Attacks on Religious Minorities

Previous altercations in Aluthgama, about 60 kilometers south of Colombo, reached a violent apex in June. The incident was sparked by a minor traffic incident between Muslim youths and the driver of a van carrying a Buddhist monk. The BBS held a protest rally led by leader Galagodaaththe Gnanasara Thera the next day, purportedly to express concerns for the safety of Buddhists in the area. Soon after, mobs carrying poles and other objects went on a rampage, attacking Muslims. Even after the government ordered a curfew, Muslim homes and properties were targeted in nearby areas leaving at least four Muslims dead, 80 injured, and numerous homes and businesses destroyed in the town and surrounding areas. 

Senior government officials, including President Rajapaksa, made public statements denouncing the violence. The government announced some arrests but had not filed charges against any suspects at time of writing.

Refugees

Serious concerns remain about the forced return of Sri Lankans who seek asylum abroad.

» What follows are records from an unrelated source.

section \<open>Tensor products\<close>

definition vec_upd :: "'a ^ 'n \<Rightarrow> 'n \<Rightarrow> 'a \<Rightarrow> 'a ^ 'n" where
  "vec_upd x v t = (\<chi> j. if j = v then t else x $ j)"

lemma vec_upd_nth [simp]: "vec_upd x v t $ j = (if j = v then t else x $ j)"
  unfolding vec_upd_def by simp

lemma vec_upd_same [simp]: "vec_upd x v (x $ v) = x"
  by (simp add: vec_eq_iff)

lemma bounded_linear_axis: "bounded_linear (axis v :: complex \<Rightarrow> complex ^ 'n)"
proof (rule bounded_linear_intro[where K = 1])
  show "axis v (s + t) = axis v s + axis v t" "axis v (r *\<^sub>R t) = r *\<^sub>R axis v t" for r s t
    by (simp_all add: vec_eq_iff axis_def)
  show "norm (axis v t) \<le> norm t * 1" for t :: complex
    by (simp add: norm_eq_sqrt_inner inner_axis_axis)
qed

lemma vec_upd_eq_axis:
  fixes x :: "complex ^ 'n"
  shows "vec_upd x v t = axis v t + (x - axis v (x $ v))"
  by (simp add: vec_eq_iff axis_def)

lemma entire_cm_slice_holomorphic:
  assumes "entire_cm f"
  shows "(\<lambda>t. f (vec_upd x v t)) holomorphic_on UNIV"
proof -
  have "(\<lambda>t. f (vec_upd x v t)) field_differentiable (at t)" for t
  proof -
    obtain L where L: "(f has_derivative L) (at (vec_upd x v t))"
      and complex_linear: "\<And>c y. L (c *s y) = c * L y"
      using assms unfolding entire_cm_def by blast
    have "((\<lambda>t. vec_upd x v t) has_derivative axis v) (at t)"
      unfolding vec_upd_eq_axis
      by (intro has_derivative_add_const bounded_linear_imp_has_derivative bounded_linear_axis)
    from has_derivative_compose[OF this L]
    have "((\<lambda>t. f (vec_upd x v t)) has_derivative (\<lambda>h. L (axis v h))) (at t)"
      by simp
    moreover have "(\<lambda>h. L (axis v h)) = (\<lambda>h. L (axis v 1) * h)"
    proof
      fix h :: complex
      have "axis v h = h *s axis v 1"
        by (simp add: vec_eq_iff axis_def)
      then show "L (axis v h) = L (axis v 1) * h"
        by (simp add: complex_linear mult.commute)
    qed
    ultimately show ?thesis
      unfolding field_differentiable_def has_field_derivative_def by auto
  qed
  then show ?thesis
    unfolding holomorphic_on_def using field_differentiable_at_within by blast
qed

definition coord_apply ::
    "(('a \<Rightarrow> 'b) \<Rightarrow> 'a \<Rightarrow> 'b) \<Rightarrow> 'n \<Rightarrow> ('a ^ 'n \<Rightarrow> 'b) \<Rightarrow> 'a ^ 'n \<Rightarrow> 'b" where
  "coord_apply T v H x = T (\<lambda>t. H (vec_upd x v t)) (x $ v)"

lemma sum_PiE_insert:
  assumes "v \<notin> S"
  shows "(\<Sum>s\<in>T v. \<Sum>\<sigma>\<in>PiE S T. F (\<sigma>(v := s))) = (\<Sum>\<sigma>\<in>PiE (insert v S) T. F \<sigma>)"
proof -
  have "(\<Sum>s\<in>T v. \<Sum>\<sigma>\<in>PiE S T. F (\<sigma>(v := s))) = (\<Sum>(s, \<sigma>)\<in>T v \<times> PiE S T. F (\<sigma>(v := s)))"
    by (simp add: sum.cartesian_product)
  also have "\<dots> = sum F ((\<lambda>(s, \<sigma>). \<sigma>(v := s)) ` (T v \<times> PiE S T))"
    using inj_combinator[OF assms, of T] by (simp add: sum.reindex case_prod_beta')
  finally show ?thesis
    by (simp add: PiE_insert_eq)
qed

lemma foldr_coord_apply_nodal:
  fixes T :: "('a \<Rightarrow> 'b :: comm_semiring_1) \<Rightarrow> 'a \<Rightarrow> 'b"
  assumes nodal: "\<And>g y. T g y = (\<Sum>s\<in>I. g (p s) * W s y)" and "finite I"
  shows "distinct vs \<Longrightarrow> foldr (coord_apply T) vs H x
    = (\<Sum>\<sigma>\<in>PiE (set vs) (\<lambda>_. I). H (\<chi> j. if j \<in> set vs then p (\<sigma> j) else x $ j)
         * (\<Prod>j\<in>set vs. W (\<sigma> j) (x $ j)))"
proof (induction vs arbitrary: x)
  case Nil
  then show ?case
    by simp
next
  case (Cons v vs)
  define S where "S = set vs"
  have "v \<notin> S" "finite S" "distinct vs"
    using Cons.prems unfolding S_def by auto
  then have IH: "\<And>y. foldr (coord_apply T) vs H y
      = (\<Sum>\<sigma>\<in>PiE S (\<lambda>_. I). H (\<chi> j. if j \<in> S then p (\<sigma> j) else y $ j) * (\<Prod>j\<in>S. W (\<sigma> j) (y $ j)))"
    using Cons.IH unfolding S_def by blast
  define F where "F \<sigma> = H (\<chi> j. if j \<in> insert v S then p (\<sigma> j) else x $ j)
         * (\<Prod>j\<in>insert v S. W (\<sigma> j) (x $ j))" for \<sigma>
  have "foldr (coord_apply T) (v # vs) H x = coord_apply T v (foldr (coord_apply T) vs H) x"
    by simp
  also have "\<dots> = (\<Sum>s\<in>I. foldr (coord_apply T) vs H (vec_upd x v (p s)) * W s (x $ v))"
    by (simp only: coord_apply_def nodal)
  also have "\<dots> = (\<Sum>s\<in>I. \<Sum>\<sigma>\<in>PiE S (\<lambda>_. I).
           H (\<chi> j. if j \<in> S then p (\<sigma> j) else vec_upd x v (p s) $ j)
           * (\<Prod>j\<in>S. W (\<sigma> j) (vec_upd x v (p s) $ j)) * W s (x $ v))"
    by (simp only: IH sum_distrib_right)
  also have "\<dots> = (\<Sum>s\<in>I. \<Sum>\<sigma>\<in>PiE S (\<lambda>_. I). F (\<sigma>(v := s)))"
  proof (intro sum.cong refl)
    fix s \<sigma> assume "\<sigma> \<in> PiE S (\<lambda>_. I)"
    have "(\<chi> j. if j \<in> S then p (\<sigma> j) else vec_upd x v (p s) $ j)
        = (\<chi> j. if j \<in> insert v S then p ((\<sigma>(v := s)) j) else x $ j)"
      using \<open>v \<notin> S\<close> by (auto simp: vec_eq_iff)
    moreover have "(\<Prod>j\<in>S. W (\<sigma> j) (vec_upd x v (p s) $ j)) = (\<Prod>j\<in>S. W ((\<sigma>(v := s)) j) (x $ j))"
      using \<open>v \<notin> S\<close> by (intro prod.cong) auto
    ultimately show "H (\<chi> j. if j \<in> S then p (\<sigma> j) else vec_upd x v (p s) $ j)
        * (\<Prod>j\<in>S. W (\<sigma> j) (vec_upd x v (p s) $ j)) * W s (x $ v) = F (\<sigma>(v := s))"
      unfolding F_def using \<open>v \<notin> S\<close> \<open>finite S\<close> by (simp add: mult_ac)
  qed
  also have "\<dots> = sum F (PiE (insert v S) (\<lambda>_. I))"
    using sum_PiE_insert[OF \<open>v \<notin> S\<close>, where T = "\<lambda>_. I"] by simp
  finally show ?case
    unfolding F_def S_def by simp
qed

Many of the forced returns took place in the midst of intensified government security operations since March 2014, which saw scores of arrests and several deaths due to hazardous conditions at sea. Human Rights Watch and others have documented the authorities’ use of torture against people suspected of links to the LTTE, including those returned as failed asylum seekers from the United Kingdom and other countries.

In recent years and particularly since early 2014, the government also began forcibly returning individuals from other countries seeking asylum in Sri Lanka, including some persons registered with the United Nations High Commissioner for Refugees (UNHCR). Most of those forcibly returned are members of minority religions persecuted back home in Pakistan and Afghanistan. UNHCR has not been allowed access to detained asylum seekers prior to their deportation, some of whom it has previously recognized as refugees.

Migrant Workers

More than 1 million Sri Lankans are employed overseas, and many remain at risk of abuse at every stage of the migration cycle from recruitment and transit to employment, repatriation, and reintegration. Recruiters and unregulated subagents charge exorbitant fees leaving migrants indebted and often with inaccurate information about their promised employment overseas.

Over 90 percent of Sri Lanka migrants now work in the Middle East where they are subject to the restrictive kafala system that ties their visa to their employer. More than a third of Sri Lanka’s migrants are domestic workers, almost exclusively female. The government has taken some steps to protect their rights abroad, but many continue to face long working hours with little rest, delayed or unpaid wages, confinement in the workplace, and verbal, physical, and sexual abuse.

Key International Actors

The UN Human Rights Council (HRC) adopted the recommendation of then-UN High Commissioner for Human Rights Navi Pillay to create an independent international inquiry into war crimes and other serious abuses committed during Sri Lanka’s civil war.

The United States and the United Kingdom called upon Sri Lanka to ensure accountability for war crimes.

India, an important regional partner, continued to press for reconciliation and protection of Tamils, but it abstained from the HRC vote. Japan, a key donor, also abstained and in other public statements commended Sri Lanka on post-wartime developments. The Chinese premiere visited Sri Lanka in an ongoing show of financial and political support for the government absent any human rights concerns.

Australia and Sri Lanka colluded to ensure that asylum seekers leaving Sri Lanka were either returned or else not allowed onto Australian territory. Australia sent back many asylum seekers to Sri Lanka after cursory interviews at sea; those found to have legitimate claims were processed in other countries. In an apparent bid to secure Sri Lanka’s assistance in stopping migrants and asylum seekers, Australia failed to call for better human rights protections and advocated against the HRC resolution.